The strength of knowledge judgements is also relevant when we use interval probabilities, possibility theory or evidence theory. Think about the example above with an uncertain y. The information gathered is transformed into interval probabilities, but how strong is the knowledge supporting the judgements made, such as that y is in the interval [1,3] and 2 is the most likely value? Clearly, in general a precise probability distribution assigned implies a weaker SoK than if an imprecise probability distribution is determined. In any case, probabilities, interval probabilities and SoK are judgements and aspects of importance can be lost in transforming the knowledge K to the measures used. This leads us to the conclusion that a full characterisation of uncertainty must cover all three elements P ([P₁, P₂]), SoK and K, that is, probability (probability interval), the strength of knowledge judgement SoK and the source knowledge K.

The uncertainty characterisations reflect the knowledge and beliefs of the assessor. Hence, we also need to reflect on potential surprises relative to this knowledge and aspects that are unforeseen. Important failure mechanisms could be overlooked because of weaknesses in the knowledge base. The assessor’s knowledge may be dependent on a critical assumption, and deviation from this assumption could lead to unanticipated results. Such aspects represent huge challenges for the analysis.^17,18 The implications for reliability engineering and decision-making are discussed in section ‘Issues related to obtaining the “right” reliability’.

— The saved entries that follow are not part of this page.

(* Let $\Psi_1 = 1$, and for each integer $k \geq 2$ let $\Psi_k = \frac{1 + \Psi_{k_1} + \Psi_{k_2}}{2}$, where for each $k$ the pair of positive integers $k_1, k_2$ with $k_1 + k_2 = k$ may be chosen arbitrarily. Then for every integer $k \geq 2$ there exist positive constants $C_k$ and $D_k$ (depending only on $k$ and the chosen sequence $(\Psi_j)$) such that for every real $M > 0$ and every finite set $A$ of positive real numbers with $|AA| \leq M|A|$, \[ |kA| \geq \frac{C_k}{M^{D_k}} \cdot |A|^{\Psi_k}. \] In particular, for every integer $k \geq 2$ there exist positive constants $C_k, D_k$ such that for every real $M>0$ and every finite set $A$ of positive real numbers with $|AA| \leq M|A|$, \[ |kA| \geq \frac{C_k}{M^{D_k}} \cdot |A|^{\log_4 (2k)}. \]
   Context: For a finite set $A$ of real numbers, $AA = \{ab : a, b \in A\}$ is the product set, and $kA = \{a_1 + a_2 + \cdots + a_k : a_1, \dots, a_k \in A\}$ is the $k$-fold sum set. $|X|$ denotes the cardinality of a finite set $X$. *)

theory Defs
  imports Complex_Main
begin

definition prodset :: "real set \<Rightarrow> real set" where
  "prodset A = {a * b | a b. a \<in> A \<and> b \<in> A}"

definition sumset :: "nat \<Rightarrow> real set \<Rightarrow> real set" where
  "sumset k A = {sum_list xs | xs. length xs = k \<and> set xs \<subseteq> A}"

end

theory Submission
  imports Defs
begin

text \<open>If \<open>|AA| \<le> M |A|\<close>, at least \<open>|A| / 2\<close> ratios \<open>r\<close> are rich: \<open>B\<^sub>r = A \<inter> r\<^sup>-\<^sup>1 A\<close> has at
  least \<open>|A| / (2 M\<^sup>2)\<close> elements. Each \<open>B\<^sub>r\<close> still has a small product set, so by induction
  \<open>k\<^sub>1 B\<^sub>r\<close> and \<open>k\<^sub>2 B\<^sub>r\<close> are large. For consecutive rich ratios \<open>r < r'\<close>, the points
  \<open>(s + t, r s + r' t)\<close> with \<open>s \<in> k\<^sub>1 B\<^sub>r\<close> and \<open>t \<in> k\<^sub>2 B\<^sub>r\<^sub>'\<close> are distinct, lie in \<open>kA \<times> kA\<close>
  and fill pairwise disjoint cones (Solymosi's argument). So, up to powers of \<open>M\<close>,
  \<open>|kA|\<^sup>2 \<ge> |A| \<cdot> |A|\<^bsup>\<Psi>(k\<^sub>1)\<^esup> \<cdot> |A|\<^bsup>\<Psi>(k\<^sub>2)\<^esup>\<close>, which gives the exponent \<open>(1 + \<Psi>(k\<^sub>1) + \<Psi>(k\<^sub>2)) / 2\<close>.
  Halving \<open>2\<^sup>m\<close> repeatedly yields the exponent \<open>1 + m / 2 \<ge> log\<^sub>4 (2k)\<close> for
  \<open>2\<^sup>m \<le> k < 2\<^sup>m\<^sup>+\<^sup>1\<close>, and exponents pass from \<open>2\<^sup>m\<close> to any larger \<open>k\<close>.\<close>

lemma finite_sumset: "finite A \<Longrightarrow> finite (sumset k A)"
proof -
  have "sumset k A = sum_list ` {xs. set xs \<subseteq> A \<and> length xs = k}"
    unfolding sumset_def by auto
  then show "finite A \<Longrightarrow> ?thesis"
    by (simp add: finite_lists_length_eq)
qed

lemma sumset_mono: "B \<subseteq> A \<Longrightarrow> sumset k B \<subseteq> sumset k A"
  unfolding sumset_def by blast

lemma add_mem_sumset:
  assumes "s \<in> sumset k1 A" "t \<in> sumset k2 A"
  shows "s + t \<in> sumset (k1 + k2) A"
proof -
  obtain xs ys where "s = sum_list xs" "length xs = k1" "set xs \<subseteq> A"
    "t = sum_list ys" "length ys = k2" "set ys \<subseteq> A"
    using assms unfolding sumset_def by auto
  then show ?thesis
    unfolding sumset_def by (auto intro!: exI[of _ "xs @ ys"])
qed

If a model g(X) of the quantity of interest C is developed, where X is a vector of unknown parameters, we need to perform uncertainty assessments of X and propagate these to C using the model g, as thoroughly discussed in the literature.^4,15 This is commonly done in a Bayesian framework. A probability model is developed with unknown parameters, and the Bayesian machinery is used to go from the prior distribution of these parameters to the posterior distribution. Using the law of total probability, we obtain the common link between the probability model and the subjective probabilities for the observables: P(Y = y) = ∫P(Y = y|λ)dP(λ), where P(Y = y|λ) is the probability model distribution and P(λ) is the prior or posterior distribution of the parameter λ.

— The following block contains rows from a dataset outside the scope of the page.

lemma coeff_norm1_lagrange_basis:
  fixes z :: "nat \<Rightarrow> 'a::real_normed_field"
  shows "coeff_norm1 n (lagrange_basis k z j) \<le> (\<Prod>l\<in>{..<k} - {j}. (1 + norm (z l)) / norm (z j - z l))"
proof -
  have "coeff_norm1 n (lagrange_basis k z j)
      = inverse (\<Prod>l\<in>{..<k} - {j}. norm (z j - z l)) * coeff_norm1 n (\<Prod>l\<in>{..<k} - {j}. [:- z l, 1:])"
    by (simp add: lagrange_basis_def coeff_norm1_smult norm_inverse prod_norm)
  also have "\<dots> \<le> inverse (\<Prod>l\<in>{..<k} - {j}. norm (z j - z l)) * (\<Prod>l\<in>{..<k} - {j}. 1 + norm (z l))"
    by (intro mult_left_mono coeff_norm1_prod_linear_factors) (auto simp: prod_nonneg)
  also have "\<dots> = (\<Prod>l\<in>{..<k} - {j}. (1 + norm (z l)) / norm (z j - z l))"
    by (simp add: prod_dividef field_simps)
  finally show ?thesis .
qed

definition vandermonde_mat :: "nat \<Rightarrow> (nat \<Rightarrow> 'a::field) \<Rightarrow> 'a mat" where
  "vandermonde_mat k z = mat k k (\<lambda>(r, j). z j ^ r)"

definition lagrange_mat :: "nat \<Rightarrow> (nat \<Rightarrow> 'a::field) \<Rightarrow> 'a mat" where
  "lagrange_mat k z = mat k k (\<lambda>(j, r). coeff (lagrange_basis k z j) r)"

lemma lagrange_mat_mult_vandermonde_mat:
  assumes "inj_on z {..<k}"
  shows "lagrange_mat k z * vandermonde_mat k z = 1\<^sub>m k"
proof (rule eq_matI)
  fix j m assume "j < dim_row (1\<^sub>m k :: 'a mat)" "m < dim_col (1\<^sub>m k :: 'a mat)"
  then have j: "j < k" and m: "m < k" by auto
  have "(lagrange_mat k z * vandermonde_mat k z) $$ (j, m) = (\<Sum>r<k. coeff (lagrange_basis k z j) r * z m ^ r)"
    using j m by (simp add: lagrange_mat_def vandermonde_mat_def scalar_prod_def atLeast0LessThan)
  also have "\<dots> = poly (lagrange_basis k z j) (z m)"
    unfolding poly_altdef
    by (rule sum.mono_neutral_right) (use degree_lagrange_basis[of j k z] j in \<open>auto simp: coeff_eq_0\<close>)
  also have "\<dots> = 1\<^sub>m k $$ (j, m)" using poly_lagrange_basis[OF assms j m] j m by simp
  finally show "(lagrange_mat k z * vandermonde_mat k z) $$ (j, m) = 1\<^sub>m k $$ (j, m)" .
qed (simp_all add: lagrange_mat_def vandermonde_mat_def)

lemma invertible_mat_if_left_inverse:
  fixes A B :: "'a::field mat"
  assumes "A \<in> carrier_mat n n" "B \<in> carrier_mat n n" "B * A = 1\<^sub>m n"
  shows "invertible_mat A"
  using assms mat_mult_left_right_inverse[OF assms(2,1,3)]
  by (auto simp: invertible_mat_def inverts_mat_def)

lemma left_inverse_mat_unique:
  fixes A B C :: "'a::field mat"
  assumes A: "A \<in> carrier_mat n n" and B: "B \<in> carrier_mat n n" and C: "C \<in> carrier_mat n n"
    and "B * A = 1\<^sub>m n" "C * A = 1\<^sub>m n"
  shows "C = B"
proof -
  have "C = C * (A * B)" using C mat_mult_left_right_inverse[OF B A \<open>B * A = 1\<^sub>m n\<close>] by simp
  also have "\<dots> = (C * A) * B" using A B C by (simp add: assoc_mult_mat)
  also have "\<dots> = B" using B \<open>C * A = 1\<^sub>m n\<close> by simp
  finally show ?thesis .
qed

lemma fact_mult_fact_ge_central:
  assumes "a \<le> n"
  shows "fact (n div 2) * fact (n - n div 2) \<le> (fact a * fact (n - a) :: nat)"
proof -
  have "fact a * fact (n - a) * (n choose a) = fact (n div 2) * fact (n - n div 2) * (n choose (n div 2))"
    using binomial_fact_lemma[OF assms] binomial_fact_lemma[of "n div 2" n] by simp
  moreover have "n choose a \<le> n choose (n div 2)" by (rule binomial_maximum)
  moreover have "0 < n choose a" using assms by simp
  ultimately have "fact (n div 2) * fact (n - n div 2) * (n choose a) \<le> fact a * fact (n - a) * (n choose a)"
    by (metis mult_le_mono2)
  then show ?thesis using \<open>0 < n choose a\<close> by simp
qed

lemma zeta_fact_pos: "0 < zeta_fact k"
  by (simp add: zeta_fact_def)

lemma zeta_fact_le_fact_mult_fact:
  assumes "i < k"
  shows "zeta_fact k \<le> fact i * fact (k - 1 - i)"
proof -
  have "zeta_fact k = fact ((k - 1) div 2) * fact ((k - 1) - (k - 1) div 2)"
  proof (cases "odd k")
    case True
    then obtain m where "k = 2 * m + 1" by (rule oddE)
    then show ?thesis by (simp add: zeta_fact_def power2_eq_square)
  next
    case False
    then obtain m where "k = 2 * m" by auto
    with assms obtain r where "k = 2 * Suc r" by (cases m) auto
    then show ?thesis using False by (simp add: zeta_fact_def mult.commute)
  qed
  also have "\<dots> \<le> fact i * fact (k - 1 - i)"
    using assms by (intro fact_mult_fact_ge_central) simp
  finally show ?thesis .
qed

lemma prod_index_dist:
  assumes "i < k"
  shows "(\<Prod>l\<in>{..<k} - {i}. \<bar>real i - real l\<bar>) = fact i * fact (k - 1 - i)"
proof -
  have split: "{..<k} - {i} = {..<i} \<union> (\<lambda>m. i + Suc m) ` {..<k - 1 - i}"
  proof (intro equalityI subsetI)
    fix l assume l: "l \<in> {..<k} - {i}"
    show "l \<in> {..<i} \<union> (\<lambda>m. i + Suc m) ` {..<k - 1 - i}"
    proof (cases "l < i")
      case False
      with l have "l = i + Suc (l - Suc i)" "l - Suc i \<in> {..<k - 1 - i}" by auto
      then show ?thesis by (metis UnI2 rev_image_eqI)
    qed simp
  qed (use assms in auto)
  have "(\<Prod>l<i. \<bar>real i - real l\<bar>) = fact i"
    by (simp add: fact_prod_rev atLeast0LessThan of_nat_diff)
  moreover have "(\<Prod>l\<in>(\<lambda>m. i + Suc m) ` {..<k - 1 - i}. \<bar>real i - real l\<bar>) = fact (k - 1 - i)"
    by (subst prod.reindex) (auto simp: fact_prod_Suc atLeast0LessThan inj_on_def add.commute)
  ultimately show ?thesis
    unfolding split by (subst prod.union_disjoint) auto
qed

lemma coeff_norm1_lagrange_basis_unit_nodes:
  fixes z :: "nat \<Rightarrow> 'a::real_normed_field"
  assumes unit: "\<And>l. l < k \<Longrightarrow> norm (z l) = 1"
    and separated: "\<And>l. l < k \<Longrightarrow> c * \<bar>real j - real l\<bar> \<le> norm (z j - z l)"
    and "0 < c" "j < k"
  shows "coeff_norm1 n (lagrange_basis k z j) \<le> (2 / c) ^ (k - 1) / zeta_fact k"
proof -
  have "coeff_norm1 n (lagrange_basis k z j) \<le> (\<Prod>l\<in>{..<k} - {j}. 2 / norm (z j - z l))"
    using coeff_norm1_lagrange_basis[of n k z j] unit by simp
  also have "\<dots> \<le> (\<Prod>l\<in>{..<k} - {j}. (2 / c) / \<bar>real j - real l\<bar>)"
  proof (rule prod_mono)
    fix l assume l: "l \<in> {..<k} - {j}"
    then have "0 < c * \<bar>real j - real l\<bar>" using \<open>0 < c\<close> by auto
    moreover have "c * \<bar>real j - real l\<bar> \<le> norm (z j - z l)" using separated l by simp
    ultimately have "2 / norm (z j - z l) \<le> 2 / (c * \<bar>real j - real l\<bar>)"
      using \<open>0 < c\<close> by (intro divide_left_mono mult_pos_pos) auto
    then show "0 \<le> 2 / norm (z j - z l) \<and> 2 / norm (z j - z l) \<le> (2 / c) / \<bar>real j - real l\<bar>"
      by simp
  qed
  also have "\<dots> = (\<Prod>l\<in>{..<k} - {j}. 2 / c) / (\<Prod>l\<in>{..<k} - {j}. \<bar>real j - real l\<bar>)"
    by (rule prod_dividef)
  also have "\<dots> = (2 / c) ^ (k - 1) / (fact j * fact (k - 1 - j))"
    using \<open>j < k\<close> by (simp add: prod_index_dist)
  also have "\<dots> \<le> (2 / c) ^ (k - 1) / zeta_fact k"
  proof (rule divide_left_mono)
    show "real (zeta_fact k) \<le> fact j * fact (k - 1 - j)"
      using zeta_fact_le_fact_mult_fact[OF \<open>j < k\<close>] by (metis of_nat_fact of_nat_le_iff of_nat_mult)
  qed (use zeta_fact_pos[of k] \<open>0 < c\<close> in auto)
  finally show ?thesis .
qed

lemma finite_theta_dists:
  fixes \<theta> :: "nat \<Rightarrow> real"
  shows "finite {\<bar>\<theta> p - \<theta> j\<bar> | p j. p < k \<and> j < k \<and> p \<noteq> j}"
proof (rule finite_subset)
  show "{\<bar>\<theta> p - \<theta> j\<bar> | p j. p < k \<and> j < k \<and> p \<noteq> j} \<subseteq> (\<lambda>(p, j). \<bar>\<theta> p - \<theta> j\<bar>) ` ({..<k} \<times> {..<k})"
    by auto
qed auto

lemma theta_min_le:
  assumes "p < k" "j < k" "p \<noteq> j"
  shows "theta_min k \<theta> \<le> \<bar>\<theta> p - \<theta> j\<bar>"
  unfolding theta_min_def using assms by (intro Min_le finite_theta_dists) auto

lemma theta_min_pos:
  assumes "2 \<le> k" "inj_on \<theta> {..<k}"
  shows "0 < theta_min k \<theta>"
proof -
  have "\<bar>\<theta> 0 - \<theta> 1\<bar> \<in> {\<bar>\<theta> p - \<theta> j\<bar> | p j. p < k \<and> j < k \<and> p \<noteq> j}"
    using assms(1) by force
  then show ?thesis
    unfolding theta_min_def using assms finite_theta_dists
    by (subst Min_gr_iff) (auto simp: inj_on_eq_iff)
qed

lemma theta_min_mult_index_dist_le:
  assumes increasing: "\<And>p j. p < j \<Longrightarrow> j < k \<Longrightarrow> \<theta> p < \<theta> j"
    and "i < k" "l < k"
  shows "\<bar>real i - real l\<bar> * theta_min k \<theta> \<le> \<bar>\<theta> i - \<theta> l\<bar>"
proof -
  have gap: "real (l - i) * theta_min k \<theta> \<le> \<theta> l - \<theta> i" if "i \<le> l" "l < k" for i l
    using that
  proof (induction l rule: dec_induct)
    case (step n)
    have "theta_min k \<theta> \<le> \<theta> (Suc n) - \<theta> n"
      using theta_min_le[of "Suc n" k n \<theta>] increasing[of n "Suc n"] step.prems by simp
    then show ?case using step by (simp add: Suc_diff_le algebra_simps)
  qed simp
  show ?thesis
    using gap[of i l] gap[of l i] assms by (cases "i \<le> l") (auto simp: of_nat_diff abs_minus_commute)
qed

lemma norm_exp_i_diff_ge_index_dist:
  assumes range: "\<And>j. j < k \<Longrightarrow> - (pi / 2) \<le> \<theta> j \<and> \<theta> j \<le> pi / 2"
    and increasing: "\<And>p j. p < j \<Longrightarrow> j < k \<Longrightarrow> \<theta> p < \<theta> j"
    and "i < k" "l < k"
  shows "2 * theta_min k \<theta> / pi * \<bar>real i - real l\<bar>
    \<le> cmod (exp (\<i> * of_real (\<theta> i)) - exp (\<i> * of_real (\<theta> l)))"
proof -
  have "\<bar>real i - real l\<bar> * theta_min k \<theta> \<le> \<bar>\<theta> i - \<theta> l\<bar>"
    using theta_min_mult_index_dist_le[of k \<theta> i l] increasing assms(3,4) by blast
  then have "2 * theta_min k \<theta> / pi * \<bar>real i - real l\<bar> \<le> 2 * \<bar>\<theta> i - \<theta> l\<bar> / pi"
    by (simp add: divide_right_mono mult.commute)
  also have "\<dots> \<le> cmod (exp (\<i> * of_real (\<theta> i)) - exp (\<i> * of_real (\<theta> l)))"
    using range[OF \<open>i < k\<close>] range[OF \<open>l < k\<close>] by (intro norm_exp_i_diff_ge) linarith
  finally show ?thesis .
qed

lemma mat_inf_norm_le:
  assumes "A \<in> carrier_mat k k" "0 < k"
    and "\<And>i. i < k \<Longrightarrow> (\<Sum>j<k. cmod (A $$ (i, j))) \<le> B"
  shows "mat_inf_norm A \<le> B"
proof -
  have "{\<Sum>j<dim_col A. cmod (A $$ (i, j)) | i. i < dim_row A} = (\<lambda>i. \<Sum>j<k. cmod (A $$ (i, j))) ` {..<k}"
    using assms(1) by auto
  then show ?thesis
    unfolding mat_inf_norm_def using assms(2,3) by (subst Max_le_iff) auto
qed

The Bayesian approach has a strong basis and represents a useful tool for systematising and developing knowledge. However, in view of the above discussion, care should be taken in applying this framework. Probability models require justification, and we need to consider the knowledge and strength of knowledge supporting the subjective probabilities assigned.

The difference between the model output g(X) and the quantity of interest C, that is, g(X) − C, can be referred to as the model (output) error, and uncertainty about this quantity as model uncertainty. ¹⁹ How to represent and treat this uncertainty is an important research task, and its detailed study is beyond the scope of this article. However, the above analysis provides some generic ideas which are relevant also for the uncertainty assessments of the model error g(X) − C. Characterisations of the form P ([P₁, P₂]), SoK and K, that is, probability (probability interval), the strength of knowledge judgement SoK and the source knowledge K, can also be used for model uncertainty. ¹⁹ See also some comments on this issue in section ‘Decision-makers’ perspective on uncertainties and risks not reflected by analysts’ related to how decision-makers need to take into account the limitations of the models.

Finally, in this section, a comment is made on the task of identifying important factors and elements contributing to the (un)reliability and the uncertainties. There is a huge literature on this topic, often referred to as sensitivity and importance measure analysis, see, for instance, Borgonovo^20,21 and Borgonovo and Plischke. ²² Sensitivity analyses are essential in model corroboration by gaining insights on model behaviour, its structure and its response to changes in the model inputs. This literature is to a large extent restricted to probability and to some extent also to probability intervals. Research is needed to cover the knowledge dimensions represented by SoK judgements and K.

Remarks

Reliability and the need to relate to other concerns such as risk and costs: the use of reliability requirements

Reliability requirements are commonly used in reliability engineering. A common requirement is that the reliability of the system should exceed a specified number, for example, 0.98, where reliability is interpreted as a frequentist probability. In this context, reliability is viewed in isolation from other aspects like risk and costs. Does this mean that there is no need to see reliability in relation to these other concerns?

A common response is that the reliability requirement developed has taken into account these other concerns. There is some type of ‘optimisation’ supporting the choice made. However, this argumentation can be challenged. Let us look at an example.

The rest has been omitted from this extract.